= ENTRIES PROVIDED =
lemma t_orthogonal_subset:
  assumes "t_orthogonal \<tau> I y" "J \<subseteq> I" "finite I"
  shows "t_orthogonal \<tau> J y"
proof -
  have "\<tau> * v (\<alpha> b) * N (y b) \<le> N (\<Sum>c\<in>J. sc (\<alpha> c) (y c))" if "b \<in> J" for \<alpha> b
  proof -
    define \<beta> where "\<beta> c = (if c \<in> J then \<alpha> c else 0)" for c
    have "(\<Sum>c\<in>I. sc (\<beta> c) (y c)) = (\<Sum>c\<in>J. sc (\<beta> c) (y c))"
      using assms(2,3) by (intro sum.mono_neutral_right) (auto simp: \<beta>_def)
    also have "\<dots> = (\<Sum>c\<in>J. sc (\<alpha> c) (y c))"
      by (intro sum.cong) (auto simp: \<beta>_def)
    finally have sum_eq: "(\<Sum>c\<in>I. sc (\<beta> c) (y c)) = (\<Sum>c\<in>J. sc (\<alpha> c) (y c))" .
    have "\<tau> * v (\<beta> b) * N (y b) \<le> N (\<Sum>c\<in>I. sc (\<beta> c) (y c))"
      using assms(2) that by (intro t_orthogonalD[OF assms(1)]) blast
    moreover have "v (\<beta> b) = v (\<alpha> b)"
      using that by (simp add: \<beta>_def)
    ultimately show ?thesis
      by (simp add: sum_eq)
  qed
  then show ?thesis
    using assms(1,2) unfolding t_orthogonal_def by blast
qed

lemma t_orthogonal_notin_span:
  assumes "finite J" "t_orthogonal \<tau> (insert e J) y" "e \<notin> J"
  shows "y e \<notin> span (y ` J)"
proof
  assume "y e \<in> span (y ` J)"
  then obtain \<beta> where \<beta>: "y e = (\<Sum>c\<in>J. sc (\<beta> c) (y c))"
    using span_image_iff[OF assms(1)] by blast
  define \<alpha> where "\<alpha> c = (if c = e then 1 else - \<beta> c)" for c
  have "(\<Sum>c\<in>J. sc (\<alpha> c) (y c)) = (\<Sum>c\<in>J. - sc (\<beta> c) (y c))"
    using assms(3) by (intro sum.cong) (auto simp: \<alpha>_def)
  then have "(\<Sum>c\<in>insert e J. sc (\<alpha> c) (y c)) = y e - (\<Sum>c\<in>J. sc (\<beta> c) (y c))"
    using assms(1,3) by (simp add: \<alpha>_def sum_negf)
  then have "\<tau> * N (y e) \<le> 0"
    using t_orthogonalD[OF assms(2), of e \<alpha>] \<beta> by (simp add: \<alpha>_def)
  moreover have "0 < \<tau> * N (y e)"
    using t_orthogonal_pos[OF assms(2)] N_pos[OF t_orthogonal_nonzero[OF assms(2)], of e] by simp
  ultimately show False
    by linarith
qed

text \<open>Coefficients of \<open>x\<close> are bounded by \<open>v (\<mu> b)\<close>, so \<open>x\<close> is a combination of the \<open>\<mu> b y b\<close>
  with coefficients in \<open>B\<^sub>K\<close>.\<close>
lemma t_orthogonal_span_mem_abs_convex:
  assumes "abs_convex v sc A" "finite I" "t_orthogonal \<tau> I y" "x \<in> span (y ` I)"
    and "\<And>b. b \<in> I \<Longrightarrow> \<mu> b \<noteq> 0 \<and> sc (\<mu> b) (y b) \<in> A \<and> N x \<le> \<tau> * v (\<mu> b) * N (y b)"
  shows "x \<in> A"
proof -
  obtain \<alpha> where \<alpha>: "x = (\<Sum>b\<in>I. sc (\<alpha> b) (y b))"
    using iffD1[OF span_image_iff[OF assms(2)] assms(4)] by blast
  have "v (\<alpha> b / \<mu> b) \<le> 1" if "b \<in> I" for b
  proof -
    have "v (\<alpha> b) * (\<tau> * N (y b)) \<le> v (\<mu> b) * (\<tau> * N (y b))"
      using t_orthogonalD[OF assms(3) that, of \<alpha>] \<alpha> assms(5)[OF that] by (simp add: mult_ac)
    moreover have "0 < \<tau> * N (y b)"
      using t_orthogonal_pos[OF assms(3)] N_pos[OF t_orthogonal_nonzero[OF assms(3) that]] by simp
    ultimately have "v (\<alpha> b) \<le> v (\<mu> b)"
      by (simp add: mult_le_cancel_right_pos)
    then show ?thesis
      using assms(5)[OF that] v_pos[of "\<mu> b"] by (simp add: v_divide)
  qed
  then have "(\<Sum>b\<in>I. sc (\<alpha> b / \<mu> b) (sc (\<mu> b) (y b))) \<in> A"
    using assms(5) by (intro abs_convex_sum_scale[OF assms(1)]) blast
  moreover have "(\<Sum>b\<in>I. sc (\<alpha> b / \<mu> b) (sc (\<mu> b) (y b))) = x"
    unfolding \<alpha> using assms(5) by (intro sum.cong) auto
  ultimately show ?thesis
    by simp
qed

text \<open>Since \<open>t < 1\<close>, the infimum \<open>d > 0\<close> of the distances from \<open>h\<close> to \<open>F\<close> is nearly
  attained at some \<open>g\<^sub>0\<close>, and then \<open>h - g\<^sub>0\<close> is \<open>t\<close>-orthogonal to \<open>F\<close>.\<close>
lemma exists_t_orthogonal_vector:
  assumes "subspace F" "complete_wrt N F" "h \<notin> F" "0 < t" "t < 1"
  shows "\<exists>g\<^sub>0\<in>F. \<forall>g\<in>F. t * N (h - g\<^sub>0) \<le> N (h - g\<^sub>0 - g)"
proof -
  obtain \<delta> where \<delta>: "0 < \<delta>" "\<And>g. g \<in> F \<Longrightarrow> \<delta> \<le> N (h - g)"
    using complete_wrt_dist_pos[OF assms(2,3)] by blast
  define D where "D = (\<lambda>g. N (h - g)) ` F"
  have D: "D \<noteq> {}" "bdd_below D"
    unfolding D_def using subspace_0[OF assms(1)] N_nonneg by (auto intro!: bdd_belowI[where m = 0])
  have "\<delta> \<le> Inf D"
    using D(1) \<delta>(2) unfolding D_def by (auto intro: cInf_greatest)
  then have "Inf D < Inf D / t"
    using \<delta>(1) assms(4,5) by (simp add: less_divide_eq)
  then obtain g\<^sub>0 where g\<^sub>0: "g\<^sub>0 \<in> F" "N (h - g\<^sub>0) < Inf D / t"
    using cInf_lessD[OF D(1)] unfolding D_def by auto
  have "t * N (h - g\<^sub>0) \<le> N (h - g\<^sub>0 - g)" if "g \<in> F" for g
  proof -
    have "Inf D \<le> N (h - (g\<^sub>0 + g))"
      using D(2) subspace_add[OF assms(1) g\<^sub>0(1) that] unfolding D_def by (auto intro: cInf_lower)
    then show ?thesis
      using g\<^sub>0(2) assms(4) by (simp add: diff_diff_eq pos_less_divide_eq mult.commute)
  qed
  then show ?thesis
    using g\<^sub>0(1) by blast
qed

lemma N_scale_add_ge_far:
  assumes "subspace F" "w \<in> F" "0 \<le> t" and far: "\<And>g. g \<in> F \<Longrightarrow> t * N z \<le> N (z - g)"
  shows "t * v a * N z \<le> N (sc a z + w)"
proof (cases "a = 0")
  case False
  have "sc a z + w = sc a (z - (- sc (inverse a) w))"
    using False by (simp add: scale_right_distrib)
  then have "N (sc a z + w) = v a * N (z - (- sc (inverse a) w))"
    by (simp add: N_scale)
  moreover have "v a * (t * N z) \<le> v a * N (z - (- sc (inverse a) w))"
    using assms(1,2) by (intro mult_left_mono far subspace_neg subspace_scale v_nonneg)
  ultimately show ?thesis
    by (simp add: mult_ac)
qed (simp add: N_nonneg)

lemma N_subspace_add_ge_far:
  assumes "subspace F" "w \<in> F" "0 \<le> t" "t \<le> 1" and far: "\<And>g. g \<in> F \<Longrightarrow> t * N z \<le> N (z - g)"
  shows "t * N w \<le> N (sc a z + w)"
proof -
  have "N w \<le> max (N (sc a z + w)) (v a * N z)"
    using N_diff_le_max[of "sc a z + w" "sc a z"] by (simp add: N_scale)
  then consider "N w \<le> N (sc a z + w)" | "N w \<le> v a * N z"
    by (metis max.bounded_iff nle_le)
  then show ?thesis
  proof cases
    case 1
    then show ?thesis
      using assms(3,4) N_nonneg[of w] by (meson mult_left_le_one_le order_trans)
  next
    case 2
    then have "t * N w \<le> t * v a * N z"
      using assms(3) by (simp add: mult.assoc mult_left_mono)
    also have "\<dots> \<le> N (sc a z + w)"
      using assms(1-3) far by (rule N_scale_add_ge_far)
    finally show ?thesis .
  qed
qed

lemma t_orthogonal_insert:
  assumes "finite H" "h \<notin> H" "t_orthogonal \<tau> H y" "\<tau> \<le> 1" "0 < t" "t \<le> 1" "z \<noteq> 0"
    and far: "\<And>g. g \<in> span (y ` H) \<Longrightarrow> t * N z \<le> N (z - g)"
  shows "t_orthogonal (t * \<tau>) (insert h H) (y(h := z))"
  unfolding t_orthogonal_def
proof (intro conjI allI ballI)
  show "0 < t * \<tau>"
    using assms(5) t_orthogonal_pos[OF assms(3)] by simp
  show "(y(h := z)) b \<noteq> 0" if "b \<in> insert h H" for b
    using that assms(7) t_orthogonal_nonzero[OF assms(3)] by auto
next
  fix \<alpha> :: "_ \<Rightarrow> 'k" and b
  assume b: "b \<in> insert h H"
  define w where "w = (\<Sum>c\<in>H. sc (\<alpha> c) (y c))"
  have sum_eq: "(\<Sum>c\<in>insert h H. sc (\<alpha> c) ((y(h := z)) c)) = sc (\<alpha> h) z + w"
    using assms(1,2) unfolding w_def by (auto intro: sum.cong)
  have w: "w \<in> span (y ` H)"
    unfolding w_def by (intro span_sum span_scale span_base) auto
  show "t * \<tau> * v (\<alpha> b) * N ((y(h := z)) b) \<le> N (\<Sum>c\<in>insert h H. sc (\<alpha> c) ((y(h := z)) c))"
  proof (cases "b = h")
    case True
    have "t * \<tau> * v (\<alpha> h) * N z \<le> t * v (\<alpha> h) * N z"
      using assms(4,5) mult_left_le_one_le[OF mult_nonneg_nonneg[OF v_nonneg N_nonneg], of \<tau> "\<alpha> h" z]
        t_orthogonal_pos[OF assms(3)] by (simp add: mult.assoc)
    also have "\<dots> \<le> N (sc (\<alpha> h) z + w)"
      using w less_imp_le[OF assms(5)] far by (rule N_scale_add_ge_far[OF subspace_span])
    finally show ?thesis
      using True sum_eq by simp
  next
    case False
    then have "t * \<tau> * v (\<alpha> b) * N (y b) \<le> t * N w"
      using t_orthogonalD[OF assms(3), of b \<alpha>] b assms(5) unfolding w_def by (simp add: mult.assoc)
    also have "\<dots> \<le> N (sc (\<alpha> h) z + w)"
      using w less_imp_le[OF assms(5)] assms(6) far by (rule N_subspace_add_ge_far[OF subspace_span])
    finally show ?thesis
      using False sum_eq by simp
  qed
qed

lemma far_from_subspace_if_near_far:
  assumes "subspace F" "s \<in> F" "\<And>g. g \<in> F \<Longrightarrow> \<eta> \<le> N (y - g)" "N (x - (s + y)) < \<eta>" "g \<in> F"
  shows "\<eta> \<le> N (x - g)"
proof -
  have far: "\<eta> \<le> N (y - (g - s))"
    using assms(1,2,5) by (intro assms(3) subspace_diff)
  then have "N (y - (g - s) + (x - (s + y))) = N (y - (g - s))"
    using assms(4) by (intro N_add_eq_left) simp
  moreover have "y - (g - s) + (x - (s + y)) = x - g"
    by simp
  ultimately show ?thesis
    using far by simp
qed

subsection \<open>Coordinates modulo a subspace\<close>

definition coord :: "'e set \<Rightarrow> 'e \<Rightarrow> 'e \<Rightarrow> 'k" where
  "coord S e x = (THE c. x - sc c e \<in> span S)"

context
  fixes S :: "'e set" and e :: 'e
  assumes e_notin: "e \<notin> span S"
begin

lemma coord_eqI:
  assumes "x - sc c e \<in> span S"
  shows "coord S e x = c"
  unfolding coord_def
proof (rule the_equality)
  show "x - sc c e \<in> span S"
    by (rule assms)
  fix c'
  assume c': "x - sc c' e \<in> span S"
  have "sc (c - c') e \<in> span S"
    using span_diff[OF c' assms] by (simp add: scale_left_diff_distrib)
  then show "c' = c"
    using span_scale[of "sc (c - c') e" S "inverse (c - c')"] e_notin by (cases "c = c'") auto
qed

lemma coord_in_span:
  assumes "x \<in> span (insert e S)"
  shows "x - sc (coord S e x) e \<in> span S"
  using assms coord_eqI unfolding span_insert[of e S] by auto

lemma coord_span_eq_0: "x \<in> span S \<Longrightarrow> coord S e x = 0"
  by (rule coord_eqI) simp

lemma coord_add:
  assumes "x \<in> span (insert e S)" "x' \<in> span (insert e S)"
  shows "coord S e (x + x') = coord S e x + coord S e x'"
proof (rule coord_eqI)
  have eq: "x + x' - sc (coord S e x + coord S e x') e
      = (x - sc (coord S e x) e) + (x' - sc (coord S e x') e)"
    by (simp add: scale_left_distrib algebra_simps)
  show "x + x' - sc (coord S e x + coord S e x') e \<in> span S"
    unfolding eq by (intro span_add coord_in_span assms)
qed

lemma coord_scale:
  assumes "x \<in> span (insert e S)"
  shows "coord S e (sc c x) = c * coord S e x"
proof (rule coord_eqI)
  show "sc c x - sc (c * coord S e x) e \<in> span S"
    using span_scale[OF coord_in_span[OF assms], of c] by (simp add: scale_right_diff_distrib)
qed

lemma coord_diff:
  assumes "x \<in> span (insert e S)" "x' \<in> span (insert e S)"
  shows "coord S e (x - x') = coord S e x - coord S e x'"
  using coord_add[OF assms(1) span_neg[OF assms(2)]] coord_scale[OF assms(2), of "-1"] by simp

lemma coord_eq_0_iff:
  assumes "x \<in> span (insert e S)"
  shows "coord S e x = 0 \<longleftrightarrow> x \<in> span S"
  using coord_in_span[OF assms] coord_span_eq_0 by auto

end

= WHAT YOU ARE ASKED TO DO =
Your answer should consist only of the lines above between the line holding "unfolding eq by" and the line holding "sc (c * coord", inclusive, each transcribed exactly.

= SOLUTION =
    unfolding eq by (intro span_add coord_in_span assms)
qed

lemma coord_scale:
  assumes "x \<in> span (insert e S)"
  shows "coord S e (sc c x) = c * coord S e x"
proof (rule coord_eqI)
  show "sc c x - sc (c * coord S e x) e \<in> span S"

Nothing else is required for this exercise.